**Your instructions**
An exact transcription of all the entries below is required.

**The data**
theorem lemma2p6:
  fixes T p \<nu>1 \<nu>2 :: real
    and \<Phi> :: "real \<Rightarrow> real"
    and A F :: "(real \<Rightarrow> real) \<Rightarrow> real \<Rightarrow> real"
    and h1 h2 \<psi> :: "real \<Rightarrow> real"
  assumes T_pos: "T > 0"
    and p_gt1: "p > 1"
    and Phi_mono: "strict_mono \<Phi>"
    and Phi_homeo: "\<exists>\<Phi>'. homeomorphism UNIV UNIV \<Phi> \<Phi>'"
    and A_cont_val: "\<forall>x\<in>W1p T p. continuous_on {0..T} (A x)"
    and A_cont: "\<forall>x\<in>W1p T p. \<forall>\<epsilon>>0. \<exists>\<delta>>0. \<forall>y\<in>W1p T p.
                   sup_dist T x y < \<delta> \<longrightarrow> sup_dist T (A x) (A y) < \<epsilon>"
    and h1_cont: "continuous_on {0..T} h1" and h2_cont: "continuous_on {0..T} h2"
    and h1_nonneg: "\<forall>t\<in>{0..T}. h1 t \<ge> 0" and h2_nonneg: "\<forall>t\<in>{0..T}. h2 t \<ge> 0"
    and h1_pos_ae: "AE t in lebesgue_on {0..T}. h1 t > 0"
    and h2_pos_ae: "AE t in lebesgue_on {0..T}. h2 t > 0"
    and h1_Lp: "(\<lambda>t. 1 / h1 t) \<in> Lp_space T p"
    and h2_Lp: "(\<lambda>t. 1 / h2 t) \<in> Lp_space T p"
    and A_bounds: "\<forall>x\<in>W1p T p. \<forall>t\<in>{0..T}. h1 t \<le> A x t \<and> A x t \<le> h2 t"
    and F_L1: "\<forall>x\<in>W1p T p. integrable (lebesgue_on {0..T}) (F x)"
    and F_cont: "\<forall>x\<in>W1p T p. \<forall>\<epsilon>>0. \<exists>\<delta>>0. \<forall>y\<in>W1p T p.
                   sup_dist T x y < \<delta> \<longrightarrow> L1_dist T (F x) (F y) < \<epsilon>"
    and psi_L1: "integrable (lebesgue_on {0..T}) \<psi>"
    and psi_nonneg: "\<forall>t\<in>{0..T}. \<psi> t \<ge> 0"
    and F_bound: "\<forall>x\<in>W1p T p. AE t in lebesgue_on {0..T}. \<bar>F x t\<bar> \<le> \<psi> t"
  shows "(\<forall>x\<in>W1p T p. \<exists>!\<xi>::real.
            (LINT t|lebesgue_on {0..T}.
               (1 / A x t) * inv \<Phi> (\<xi> + (LINT s|lebesgue_on {0..t}. F x s))) = \<nu>2 - \<nu>1)
       \<and> (\<exists>c0>0. \<forall>x\<in>W1p T p. \<forall>\<xi>::real.
            (LINT t|lebesgue_on {0..T}.
               (1 / A x t) * inv \<Phi> (\<xi> + (LINT s|lebesgue_on {0..t}. F x s))) = \<nu>2 - \<nu>1
            \<longrightarrow> \<bar>\<xi>\<bar> \<le> c0)"
  (is "(\<forall>x\<in>W1p T p. \<exists>!\<xi>. ?G x \<xi> = _) \<and> _")
proof -
  obtain \<Phi>' where \<Phi>': "homeomorphism UNIV UNIV \<Phi> \<Phi>'" using Phi_homeo by blast
  then have inv_\<Phi>: "inv \<Phi> = \<Phi>'" "\<And>z. \<Phi>' (\<Phi> z) = z"
    by (auto intro!: inv_equality dest: homeomorphism_apply1 homeomorphism_apply2)
  have \<Phi>'_cont: "continuous_on UNIV \<Phi>'" and \<Phi>'_mono: "strict_mono \<Phi>'"
    using \<Phi>' Phi_mono homeomorphism_image1[OF \<Phi>'] inv_\<Phi>(2)
    by (auto intro: homeomorphism_cont2 strict_mono_inv)
  have h_int: "integrable (lebesgue_on {0..T}) (\<lambda>t. 1 / h1 t)" "integrable (lebesgue_on {0..T}) (\<lambda>t. 1 / h2 t)"
    using h1_Lp h2_Lp p_gt1 by (auto intro: Lp_space_integrable)
  define R where "R = \<bar>\<nu>2 - \<nu>1\<bar> / (\<integral>t. 1 / h2 t \<partial>lebesgue_on {0..T})"
  define K where "K = (\<integral>t. \<psi> t \<partial>lebesgue_on {0..T})"
  define c0 where "c0 = \<bar>\<Phi> (- R) - K\<bar> + \<bar>\<Phi> R + K\<bar> + 1"
  have solution: "\<exists>!\<xi>. ?G x \<xi> = \<nu>2 - \<nu>1" "?G x \<xi> = \<nu>2 - \<nu>1 \<Longrightarrow> \<Phi> (- R) - K \<le> \<xi> \<and> \<xi> \<le> \<Phi> R + K"
    if "x \<in> W1p T p" for x \<xi>
    using integral_reciprocal_shifted_primitive_eq_unique[OF T_pos A_cont_val[rule_format, OF that]
        bspec[OF A_bounds that] h1_pos_ae h_int(1) h2_pos_ae h_int(2) F_L1[rule_format, OF that] psi_L1
        F_bound[rule_format, OF that] \<Phi>'_cont \<Phi>'_mono inv_\<Phi>(2), where \<nu>="\<nu>2 - \<nu>1"]
    unfolding inv_\<Phi>(1) R_def K_def by blast+
  have c0_bound: "\<bar>\<xi>\<bar> \<le> c0" if "x \<in> W1p T p" "?G x \<xi> = \<nu>2 - \<nu>1" for x \<xi>
    using solution(2)[OF that] unfolding c0_def by linarith
  show ?thesis
  proof (intro conjI ballI exI[of _ c0] allI impI)
    show "\<exists>!\<xi>. ?G x \<xi> = \<nu>2 - \<nu>1" if "x \<in> W1p T p" for x
      using solution(1)[OF that] .
    show "c0 > 0" unfolding c0_def by simp
  qed (fact c0_bound)
qed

**Reply**
theorem lemma2p6:
  fixes T p \<nu>1 \<nu>2 :: real
    and \<Phi> :: "real \<Rightarrow> real"
    and A F :: "(real \<Rightarrow> real) \<Rightarrow> real \<Rightarrow> real"
    and h1 h2 \<psi> :: "real \<Rightarrow> real"
  assumes T_pos: "T > 0"
    and p_gt1: "p > 1"
    and Phi_mono: "strict_mono \<Phi>"
    and Phi_homeo: "\<exists>\<Phi>'. homeomorphism UNIV UNIV \<Phi> \<Phi>'"
    and A_cont_val: "\<forall>x\<in>W1p T p. continuous_on {0..T} (A x)"
    and A_cont: "\<forall>x\<in>W1p T p. \<forall>\<epsilon>>0. \<exists>\<delta>>0. \<forall>y\<in>W1p T p.
                   sup_dist T x y < \<delta> \<longrightarrow> sup_dist T (A x) (A y) < \<epsilon>"
    and h1_cont: "continuous_on {0..T} h1" and h2_cont: "continuous_on {0..T} h2"
    and h1_nonneg: "\<forall>t\<in>{0..T}. h1 t \<ge> 0" and h2_nonneg: "\<forall>t\<in>{0..T}. h2 t \<ge> 0"
    and h1_pos_ae: "AE t in lebesgue_on {0..T}. h1 t > 0"
    and h2_pos_ae: "AE t in lebesgue_on {0..T}. h2 t > 0"
    and h1_Lp: "(\<lambda>t. 1 / h1 t) \<in> Lp_space T p"
    and h2_Lp: "(\<lambda>t. 1 / h2 t) \<in> Lp_space T p"
    and A_bounds: "\<forall>x\<in>W1p T p. \<forall>t\<in>{0..T}. h1 t \<le> A x t \<and> A x t \<le> h2 t"
    and F_L1: "\<forall>x\<in>W1p T p. integrable (lebesgue_on {0..T}) (F x)"
    and F_cont: "\<forall>x\<in>W1p T p. \<forall>\<epsilon>>0. \<exists>\<delta>>0. \<forall>y\<in>W1p T p.
                   sup_dist T x y < \<delta> \<longrightarrow> L1_dist T (F x) (F y) < \<epsilon>"
    and psi_L1: "integrable (lebesgue_on {0..T}) \<psi>"
    and psi_nonneg: "\<forall>t\<in>{0..T}. \<psi> t \<ge> 0"
    and F_bound: "\<forall>x\<in>W1p T p. AE t in lebesgue_on {0..T}. \<bar>F x t\<bar> \<le> \<psi> t"
  shows "(\<forall>x\<in>W1p T p. \<exists>!\<xi>::real.
            (LINT t|lebesgue_on {0..T}.
               (1 / A x t) * inv \<Phi> (\<xi> + (LINT s|lebesgue_on {0..t}. F x s))) = \<nu>2 - \<nu>1)
       \<and> (\<exists>c0>0. \<forall>x\<in>W1p T p. \<forall>\<xi>::real.
            (LINT t|lebesgue_on {0..T}.
               (1 / A x t) * inv \<Phi> (\<xi> + (LINT s|lebesgue_on {0..t}. F x s))) = \<nu>2 - \<nu>1
            \<longrightarrow> \<bar>\<xi>\<bar> \<le> c0)"
  (is "(\<forall>x\<in>W1p T p. \<exists>!\<xi>. ?G x \<xi> = _) \<and> _")
proof -
  obtain \<Phi>' where \<Phi>': "homeomorphism UNIV UNIV \<Phi> \<Phi>'" using Phi_homeo by blast
  then have inv_\<Phi>: "inv \<Phi> = \<Phi>'" "\<And>z. \<Phi>' (\<Phi> z) = z"
    by (auto intro!: inv_equality dest: homeomorphism_apply1 homeomorphism_apply2)
  have \<Phi>'_cont: "continuous_on UNIV \<Phi>'" and \<Phi>'_mono: "strict_mono \<Phi>'"
    using \<Phi>' Phi_mono homeomorphism_image1[OF \<Phi>'] inv_\<Phi>(2)
    by (auto intro: homeomorphism_cont2 strict_mono_inv)
  have h_int: "integrable (lebesgue_on {0..T}) (\<lambda>t. 1 / h1 t)" "integrable (lebesgue_on {0..T}) (\<lambda>t. 1 / h2 t)"
    using h1_Lp h2_Lp p_gt1 by (auto intro: Lp_space_integrable)
  define R where "R = \<bar>\<nu>2 - \<nu>1\<bar> / (\<integral>t. 1 / h2 t \<partial>lebesgue_on {0..T})"
  define K where "K = (\<integral>t. \<psi> t \<partial>lebesgue_on {0..T})"
  define c0 where "c0 = \<bar>\<Phi> (- R) - K\<bar> + \<bar>\<Phi> R + K\<bar> + 1"
  have solution: "\<exists>!\<xi>. ?G x \<xi> = \<nu>2 - \<nu>1" "?G x \<xi> = \<nu>2 - \<nu>1 \<Longrightarrow> \<Phi> (- R) - K \<le> \<xi> \<and> \<xi> \<le> \<Phi> R + K"
    if "x \<in> W1p T p" for x \<xi>
    using integral_reciprocal_shifted_primitive_eq_unique[OF T_pos A_cont_val[rule_format, OF that]
        bspec[OF A_bounds that] h1_pos_ae h_int(1) h2_pos_ae h_int(2) F_L1[rule_format, OF that] psi_L1
        F_bound[rule_format, OF that] \<Phi>'_cont \<Phi>'_mono inv_\<Phi>(2), where \<nu>="\<nu>2 - \<nu>1"]
    unfolding inv_\<Phi>(1) R_def K_def by blast+
  have c0_bound: "\<bar>\<xi>\<bar> \<le> c0" if "x \<in> W1p T p" "?G x \<xi> = \<nu>2 - \<nu>1" for x \<xi>
    using solution(2)[OF that] unfolding c0_def by linarith
  show ?thesis
  proof (intro conjI ballI exI[of _ c0] allI impI)
    show "\<exists>!\<xi>. ?G x \<xi> = \<nu>2 - \<nu>1" if "x \<in> W1p T p" for x
      using solution(1)[OF that] .
    show "c0 > 0" unfolding c0_def by simp
  qed (fact c0_bound)
qed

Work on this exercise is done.